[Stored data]
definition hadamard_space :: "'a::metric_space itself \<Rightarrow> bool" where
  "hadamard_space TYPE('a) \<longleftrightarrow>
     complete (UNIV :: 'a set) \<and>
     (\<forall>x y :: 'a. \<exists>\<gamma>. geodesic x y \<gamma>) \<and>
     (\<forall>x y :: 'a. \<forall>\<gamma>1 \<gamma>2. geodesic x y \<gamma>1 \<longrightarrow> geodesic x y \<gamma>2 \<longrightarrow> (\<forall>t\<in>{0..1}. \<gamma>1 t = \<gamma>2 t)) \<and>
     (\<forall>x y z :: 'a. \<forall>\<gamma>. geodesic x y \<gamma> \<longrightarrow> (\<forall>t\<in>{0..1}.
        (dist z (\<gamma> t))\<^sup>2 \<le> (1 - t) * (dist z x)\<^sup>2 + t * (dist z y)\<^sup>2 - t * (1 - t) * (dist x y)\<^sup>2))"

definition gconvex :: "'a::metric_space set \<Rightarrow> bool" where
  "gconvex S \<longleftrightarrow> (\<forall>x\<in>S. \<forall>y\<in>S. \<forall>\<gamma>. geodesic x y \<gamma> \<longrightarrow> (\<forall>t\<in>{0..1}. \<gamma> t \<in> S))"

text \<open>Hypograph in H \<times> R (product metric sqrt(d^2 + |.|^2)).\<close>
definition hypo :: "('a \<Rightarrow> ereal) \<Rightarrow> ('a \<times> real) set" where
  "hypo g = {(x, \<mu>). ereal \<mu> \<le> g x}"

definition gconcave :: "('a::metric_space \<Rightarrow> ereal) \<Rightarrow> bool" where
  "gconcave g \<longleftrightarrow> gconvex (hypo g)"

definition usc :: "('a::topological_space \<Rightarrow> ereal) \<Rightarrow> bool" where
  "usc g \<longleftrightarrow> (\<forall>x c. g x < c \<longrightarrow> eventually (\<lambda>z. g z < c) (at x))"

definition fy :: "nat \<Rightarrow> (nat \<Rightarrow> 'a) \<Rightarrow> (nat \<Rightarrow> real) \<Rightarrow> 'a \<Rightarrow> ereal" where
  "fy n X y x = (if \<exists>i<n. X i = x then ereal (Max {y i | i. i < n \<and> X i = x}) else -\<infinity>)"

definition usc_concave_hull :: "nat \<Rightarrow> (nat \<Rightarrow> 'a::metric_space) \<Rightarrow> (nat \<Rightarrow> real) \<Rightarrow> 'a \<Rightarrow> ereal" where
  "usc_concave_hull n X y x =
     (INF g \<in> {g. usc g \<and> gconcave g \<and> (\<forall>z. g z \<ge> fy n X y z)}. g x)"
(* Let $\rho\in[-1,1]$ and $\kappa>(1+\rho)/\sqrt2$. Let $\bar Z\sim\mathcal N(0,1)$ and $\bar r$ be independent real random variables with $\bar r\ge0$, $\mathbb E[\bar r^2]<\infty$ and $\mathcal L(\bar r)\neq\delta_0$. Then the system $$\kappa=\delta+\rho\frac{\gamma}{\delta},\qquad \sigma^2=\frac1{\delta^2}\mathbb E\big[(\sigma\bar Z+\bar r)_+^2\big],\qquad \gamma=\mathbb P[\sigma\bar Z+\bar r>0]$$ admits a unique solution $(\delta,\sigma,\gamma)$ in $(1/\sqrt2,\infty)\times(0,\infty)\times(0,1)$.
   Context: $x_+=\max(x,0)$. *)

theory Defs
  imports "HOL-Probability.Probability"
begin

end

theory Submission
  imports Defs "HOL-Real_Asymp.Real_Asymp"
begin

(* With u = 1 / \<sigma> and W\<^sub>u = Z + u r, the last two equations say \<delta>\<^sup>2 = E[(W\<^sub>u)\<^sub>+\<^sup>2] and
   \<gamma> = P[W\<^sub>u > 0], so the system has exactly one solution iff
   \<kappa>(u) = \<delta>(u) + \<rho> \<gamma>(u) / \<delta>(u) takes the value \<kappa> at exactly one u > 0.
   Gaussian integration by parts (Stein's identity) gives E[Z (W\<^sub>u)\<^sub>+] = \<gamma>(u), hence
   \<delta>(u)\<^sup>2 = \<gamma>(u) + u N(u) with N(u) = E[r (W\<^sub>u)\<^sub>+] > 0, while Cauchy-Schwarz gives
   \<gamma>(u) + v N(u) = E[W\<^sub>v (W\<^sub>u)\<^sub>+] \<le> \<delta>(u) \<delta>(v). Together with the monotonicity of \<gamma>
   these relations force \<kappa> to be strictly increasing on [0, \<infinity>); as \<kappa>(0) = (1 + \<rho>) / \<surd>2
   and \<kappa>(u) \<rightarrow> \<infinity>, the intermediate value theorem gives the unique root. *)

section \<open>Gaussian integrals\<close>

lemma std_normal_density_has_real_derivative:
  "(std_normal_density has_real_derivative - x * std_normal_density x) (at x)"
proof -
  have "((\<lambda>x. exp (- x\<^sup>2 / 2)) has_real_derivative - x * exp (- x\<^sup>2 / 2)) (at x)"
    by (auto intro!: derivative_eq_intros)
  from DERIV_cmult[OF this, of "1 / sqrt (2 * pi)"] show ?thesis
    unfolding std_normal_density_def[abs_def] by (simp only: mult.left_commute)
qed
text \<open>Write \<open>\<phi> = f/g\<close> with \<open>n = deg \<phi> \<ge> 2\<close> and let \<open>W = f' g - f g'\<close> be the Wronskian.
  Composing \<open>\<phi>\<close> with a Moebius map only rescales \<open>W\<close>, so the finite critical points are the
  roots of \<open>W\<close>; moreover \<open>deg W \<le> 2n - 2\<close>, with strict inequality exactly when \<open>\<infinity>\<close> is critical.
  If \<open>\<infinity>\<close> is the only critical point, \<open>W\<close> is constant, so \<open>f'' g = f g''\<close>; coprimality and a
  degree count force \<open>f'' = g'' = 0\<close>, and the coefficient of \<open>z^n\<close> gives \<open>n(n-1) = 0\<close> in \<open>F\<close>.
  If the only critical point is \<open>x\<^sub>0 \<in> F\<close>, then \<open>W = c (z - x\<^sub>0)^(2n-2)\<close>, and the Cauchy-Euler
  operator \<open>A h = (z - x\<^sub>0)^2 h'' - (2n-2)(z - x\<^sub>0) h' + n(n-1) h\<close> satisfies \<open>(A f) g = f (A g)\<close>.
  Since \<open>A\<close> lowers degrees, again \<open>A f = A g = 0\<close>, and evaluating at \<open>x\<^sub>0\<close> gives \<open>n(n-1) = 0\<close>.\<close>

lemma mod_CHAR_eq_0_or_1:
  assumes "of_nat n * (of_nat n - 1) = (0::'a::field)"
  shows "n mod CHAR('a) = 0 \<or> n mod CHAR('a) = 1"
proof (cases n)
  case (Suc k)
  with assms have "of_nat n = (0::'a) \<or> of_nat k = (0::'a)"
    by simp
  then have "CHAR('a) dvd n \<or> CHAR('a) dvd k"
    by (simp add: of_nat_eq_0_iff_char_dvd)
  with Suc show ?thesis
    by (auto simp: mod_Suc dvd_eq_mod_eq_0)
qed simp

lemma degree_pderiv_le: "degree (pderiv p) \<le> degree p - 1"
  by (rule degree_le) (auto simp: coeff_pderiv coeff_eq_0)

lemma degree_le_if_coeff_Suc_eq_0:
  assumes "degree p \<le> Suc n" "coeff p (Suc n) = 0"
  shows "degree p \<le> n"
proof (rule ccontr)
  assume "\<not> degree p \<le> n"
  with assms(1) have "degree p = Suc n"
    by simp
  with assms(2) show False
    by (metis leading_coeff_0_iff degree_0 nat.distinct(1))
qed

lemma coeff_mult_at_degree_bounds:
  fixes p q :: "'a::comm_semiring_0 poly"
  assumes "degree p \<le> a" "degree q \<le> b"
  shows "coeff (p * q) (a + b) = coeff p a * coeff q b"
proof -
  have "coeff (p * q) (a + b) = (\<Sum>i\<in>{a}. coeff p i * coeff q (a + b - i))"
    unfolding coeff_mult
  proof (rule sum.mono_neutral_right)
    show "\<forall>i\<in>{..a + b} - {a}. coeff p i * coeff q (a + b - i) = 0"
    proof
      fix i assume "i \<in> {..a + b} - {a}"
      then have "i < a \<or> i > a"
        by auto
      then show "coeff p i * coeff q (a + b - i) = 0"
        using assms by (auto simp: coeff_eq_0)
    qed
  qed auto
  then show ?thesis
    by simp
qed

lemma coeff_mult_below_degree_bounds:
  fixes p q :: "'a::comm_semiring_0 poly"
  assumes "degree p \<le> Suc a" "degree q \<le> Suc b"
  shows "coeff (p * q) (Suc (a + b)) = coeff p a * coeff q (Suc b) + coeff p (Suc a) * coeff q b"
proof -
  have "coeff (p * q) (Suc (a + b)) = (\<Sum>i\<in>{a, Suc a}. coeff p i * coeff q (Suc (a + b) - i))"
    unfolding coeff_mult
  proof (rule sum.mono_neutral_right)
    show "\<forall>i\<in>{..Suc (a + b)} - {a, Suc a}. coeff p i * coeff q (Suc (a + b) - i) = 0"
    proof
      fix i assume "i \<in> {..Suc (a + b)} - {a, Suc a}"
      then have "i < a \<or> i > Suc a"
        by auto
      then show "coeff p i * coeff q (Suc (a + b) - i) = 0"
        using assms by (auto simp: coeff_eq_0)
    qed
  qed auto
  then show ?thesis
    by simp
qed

▸ WORK ORDER
The lines from the top of the data above down to the line containing "(\<forall>x y :: 'a. \<exists>\<gamma>." are to be copied exactly; no other line should appear.

▸ WRITTEN RESPONSE
definition hadamard_space :: "'a::metric_space itself \<Rightarrow> bool" where
  "hadamard_space TYPE('a) \<longleftrightarrow>
     complete (UNIV :: 'a set) \<and>
     (\<forall>x y :: 'a. \<exists>\<gamma>. geodesic x y \<gamma>) \<and>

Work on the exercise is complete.